**What is being asked:** Below are lines of data, and only some are wanted. Please repeat exactly those from the line that has "int (card (vertex_classes" through the line that has "hedge list \<Rightarrow>".

(Supplied data begins)

(* Let $R$ be an orientable flat surface given by a holomorphic Abelian differential on a compact genus $g$ surface, and let $T$ be a geodesic triangulation of $R$ (by saddle connections, vertices at zeros). Orient each edge of $T$ so that its $x$-component is positive (for vertical edges the orientation is not defined). Let $W$ be a subset of the edges of $T$. Then there exists an integral multicurve $\Delta$ on $R$ such that: (a) $\Delta$ is disjoint from the vertices of $T$ and transverse to the edges; (b) $\Delta$ crosses each edge of $W$ at least once; (c) each time $\Delta$ crosses an edge $e\in W$, the crossing is from left to right with respect to the orientation of $e$; if $e$ is vertical, all crossings are from the same side; (d) for each edge $e$ of $T$, the intersection number $i(\Delta,e)\le n$, where $n$ depends only on $g$.
   Context: An integral multicurve is a finite set of oriented closed curves with integer weights (a negative weight corresponds to reversing orientation). The $x$-component of an edge refers to the real part of its holonomy (period of the Abelian differential along it). *)

theory Defs
  imports "HOL-Analysis.Analysis"
begin

text \<open>A half-edge (side) is a pair
  (t,i) with t in Tris and i in {0,1,2}; hol h is the holonomy (period of the Abelian
  differential) of side h, traversed counterclockwise around its triangle, so that the
  triangle lies to the LEFT of hol h.  glue h is the side of the adjacent triangle glued
  to h (same saddle connection, opposite direction).\<close>

type_synonym hedge = "nat \<times> nat"

definition hedges :: "nat set \<Rightarrow> hedge set" where
  "hedges Tris = Tris \<times> {0,1,2}"

definition nxt :: "hedge \<Rightarrow> hedge" where
  "nxt h = (fst h, (snd h + 1) mod 3)"

definition prv :: "hedge \<Rightarrow> hedge" where
  "prv h = (fst h, (snd h + 2) mod 3)"

text \<open>Rotation around the vertex at the start point of a half-edge.\<close>
definition rot :: "(hedge \<Rightarrow> hedge) \<Rightarrow> hedge \<Rightarrow> hedge" where
  "rot glue h = nxt (glue h)"

text \<open>Vertices of the triangulation = classes of corners (start points of half-edges).\<close>
definition vertex_classes :: "nat set \<Rightarrow> (hedge \<Rightarrow> hedge) \<Rightarrow> hedge set set" where
  "vertex_classes Tris glue = hedges Tris // ({(h, rot glue h) | h. h \<in> hedges Tris}\<^sup>*)"

text \<open>Interior angle of the triangle at the start point of side h.\<close>
definition corner_angle :: "(hedge \<Rightarrow> complex) \<Rightarrow> hedge \<Rightarrow> real" where
  "corner_angle hol h = Arg (- hol (prv h) / hol h)"

definition cone_angle :: "(hedge \<Rightarrow> complex) \<Rightarrow> hedge set \<Rightarrow> real" where
  "cone_angle hol C = (\<Sum>h\<in>C. corner_angle hol h)"

definition edges :: "nat set \<Rightarrow> (hedge \<Rightarrow> hedge) \<Rightarrow> hedge set set" where
  "edges Tris glue = {{h, glue h} | h. h \<in> hedges Tris}"

text \<open>Tris, hol, glue describe a geodesic triangulation (by saddle connections, vertices
  at the zeros) of a connected compact translation surface (= surface with a holomorphic
  Abelian differential) of genus g.\<close>
definition flat_triangulation ::
  "nat \<Rightarrow> nat set \<Rightarrow> (hedge \<Rightarrow> complex) \<Rightarrow> (hedge \<Rightarrow> hedge) \<Rightarrow> bool" where
  "flat_triangulation g Tris hol glue \<longleftrightarrow>
     finite Tris \<and> Tris \<noteq> {} \<and>
     (\<forall>t\<in>Tris. hol (t,0) + hol (t,1) + hol (t,2) = 0 \<and>
                Im (cnj (hol (t,0)) * hol (t,1)) > 0) \<and>
     (\<forall>h\<in>hedges Tris. glue h \<in> hedges Tris \<and> glue (glue h) = h \<and> glue h \<noteq> h \<and>
                      hol (glue h) = - hol h) \<and>
     \<comment> \<open>connectedness of the surface\<close>
     (\<forall>t\<in>Tris. \<forall>t'\<in>Tris.
        (t, t') \<in> {(fst h, fst (glue h)) | h. h \<in> hedges Tris}\<^sup>*) \<and>
     \<comment> \<open>Euler characteristic: V - E + F = 2 - 2g\<close>
     int (card (vertex_classes Tris glue)) - int (card (edges Tris glue)) + int (card Tris)
        = 2 - 2 * int g \<and>
     \<comment> \<open>every vertex is a zero of the differential (cone angle different from 2 pi)\<close>
     (\<forall>C\<in>vertex_classes Tris glue. cone_angle hol C \<noteq> 2 * pi)"

text \<open>A closed curve transverse to the edges and disjoint from the vertices, recorded by the
  cyclic sequence of sides through which it successively exits triangles.  After exiting
  through h it is in triangle fst (glue h), which it must exit next.\<close>
definition transverse_closed_curve :: "nat set \<Rightarrow> (hedge \<Rightarrow> hedge) \<Rightarrow> hedge list \<Rightarrow> bool" where
  "transverse_closed_curve Tris glue c \<longleftrightarrow>
     c \<noteq> [] \<and> set c \<subseteq> hedges Tris \<and>
     (\<forall>j < length c. fst (c ! ((j + 1) mod length c)) = fst (glue (c ! j)))"

text \<open>An integral multicurve: finitely many oriented closed curves with integer weights
  (negative weight = reversed orientation).\<close>
type_synonym multicurve = "(int \<times> hedge list) list"

definition transverse_multicurve :: "nat set \<Rightarrow> (hedge \<Rightarrow> hedge) \<Rightarrow> multicurve \<Rightarrow> bool" where
  "transverse_multicurve Tris glue \<Delta> \<longleftrightarrow> (\<forall>(w, c)\<in>set \<Delta>. transverse_closed_curve Tris glue c)"

text \<open>Side through which the weighted component actually exits (orientation reversed if w < 0).
  Exiting the triangle through h means crossing the edge from the left to the right of hol h.\<close>
definition eff_exit :: "(hedge \<Rightarrow> hedge) \<Rightarrow> int \<Rightarrow> hedge \<Rightarrow> hedge" where
  "eff_exit glue w h = (if w > 0 then h else glue h)"

definition crossing_exits :: "(hedge \<Rightarrow> hedge) \<Rightarrow> multicurve \<Rightarrow> hedge set \<Rightarrow> hedge set" where
  "crossing_exits glue \<Delta> e =
     {eff_exit glue w h | w c h. (w, c) \<in> set \<Delta> \<and> w \<noteq> 0 \<and> h \<in> set c \<and> h \<in> e}"

definition inter_num :: "multicurve \<Rightarrow> hedge set \<Rightarrow> int" where
  "inter_num \<Delta> e = sum_list (map (\<lambda>(w, c). \<bar>w\<bar> * int (length (filter (\<lambda>h. h \<in> e) c))) \<Delta>)"

end

theory Submission
  imports Defs "HOL-Library.Real_Mod" "HOL-Combinatorics.Permutations"
begin
(* On the open set $\Omega\subset\mathbb{R}^3$ where $u,v,w$ are pairwise distinct, consider the system $$u'=\frac{1}{u-w},\qquad v'=\frac{1}{v-w},\qquad w'=\frac1{w-u}+\frac1{w-v},$$ written $\mathbf{u}'=\mathbf{U}(\mathbf{u})$. Define $$P_{n1}(\mathbf{u})=\frac{2}{3(u-v)^2(v-w)(w-u)}\begin{pmatrix}0&1&-1\\-1&0&1\\1&-1&0\end{pmatrix},\qquad H_n(\mathbf{u})=\frac14(u+v-2w)(u-v)^3,$$ $$P_{n2}(\mathbf{u})=\frac16\frac{u-v}{(v-w)(w-u)}\begin{pmatrix}0&2&1\\-2&0&-1\\-1&1&0\end{pmatrix}+\frac12\Big[\frac1{w-u}-\frac1{v-w}\Big]\begin{pmatrix}0&0&-1\\0&0&-1\\1&1&0\end{pmatrix},$$ and $H^{(1)}(\mathbf{u})=u+v+w$. Then $P_{n1}$ and $P_{n2}$ are compatible Poisson matrices on $\Omega$ and $$\mathbf{u}'=P_{n1}(\mathbf{u})\nabla H_n(\mathbf{u})=P_{n2}(\mathbf{u})\nabla H^{(1)}(\mathbf{u}).$$
   Context: A smooth skew-symmetric matrix-valued function $P$ on an open subset of $\mathbb{R}^3$ is a Poisson matrix if the bracket $\{f,g\}=(\nabla f)^{T}P\,\nabla g$ satisfies the Jacobi identity; two Poisson matrices are compatible if every linear combination of them is again a Poisson matrix. The system describes two bodies at $u,v$ that do not interact with each other but each interact with a third body at $w$. *)

theory Defs
  imports "HOL-Analysis.Analysis"
begin

type_synonym pt = "real ^ 3"
type_synonym mat3 = "real ^ 3 ^ 3"

definition partial :: "3 \<Rightarrow> (pt \<Rightarrow> real) \<Rightarrow> pt \<Rightarrow> real" where
  "partial i f x = frechet_derivative f (at x) (axis i 1)"

definition grad :: "(pt \<Rightarrow> real) \<Rightarrow> pt \<Rightarrow> pt" where
  "grad f x = (\<chi> i. partial i f x)"

fun Ck_on :: "nat \<Rightarrow> pt set \<Rightarrow> (pt \<Rightarrow> real) \<Rightarrow> bool" where
  "Ck_on 0 S f = continuous_on S f"
| "Ck_on (Suc n) S f = (f differentiable_on S \<and> continuous_on S f \<and> (\<forall>i. Ck_on n S (partial i f)))"

definition smooth_on :: "pt set \<Rightarrow> (pt \<Rightarrow> real) \<Rightarrow> bool" where
  "smooth_on S f \<longleftrightarrow> (\<forall>n. Ck_on n S f)"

(Supplied data ends)

**Task response:**
     int (card (vertex_classes Tris glue)) - int (card (edges Tris glue)) + int (card Tris)
        = 2 - 2 * int g \<and>
     \<comment> \<open>every vertex is a zero of the differential (cone angle different from 2 pi)\<close>
     (\<forall>C\<in>vertex_classes Tris glue. cone_angle hol C \<noteq> 2 * pi)"

text \<open>A closed curve transverse to the edges and disjoint from the vertices, recorded by the
  cyclic sequence of sides through which it successively exits triangles.  After exiting
  through h it is in triangle fst (glue h), which it must exit next.\<close>
definition transverse_closed_curve :: "nat set \<Rightarrow> (hedge \<Rightarrow> hedge) \<Rightarrow> hedge list \<Rightarrow> bool" where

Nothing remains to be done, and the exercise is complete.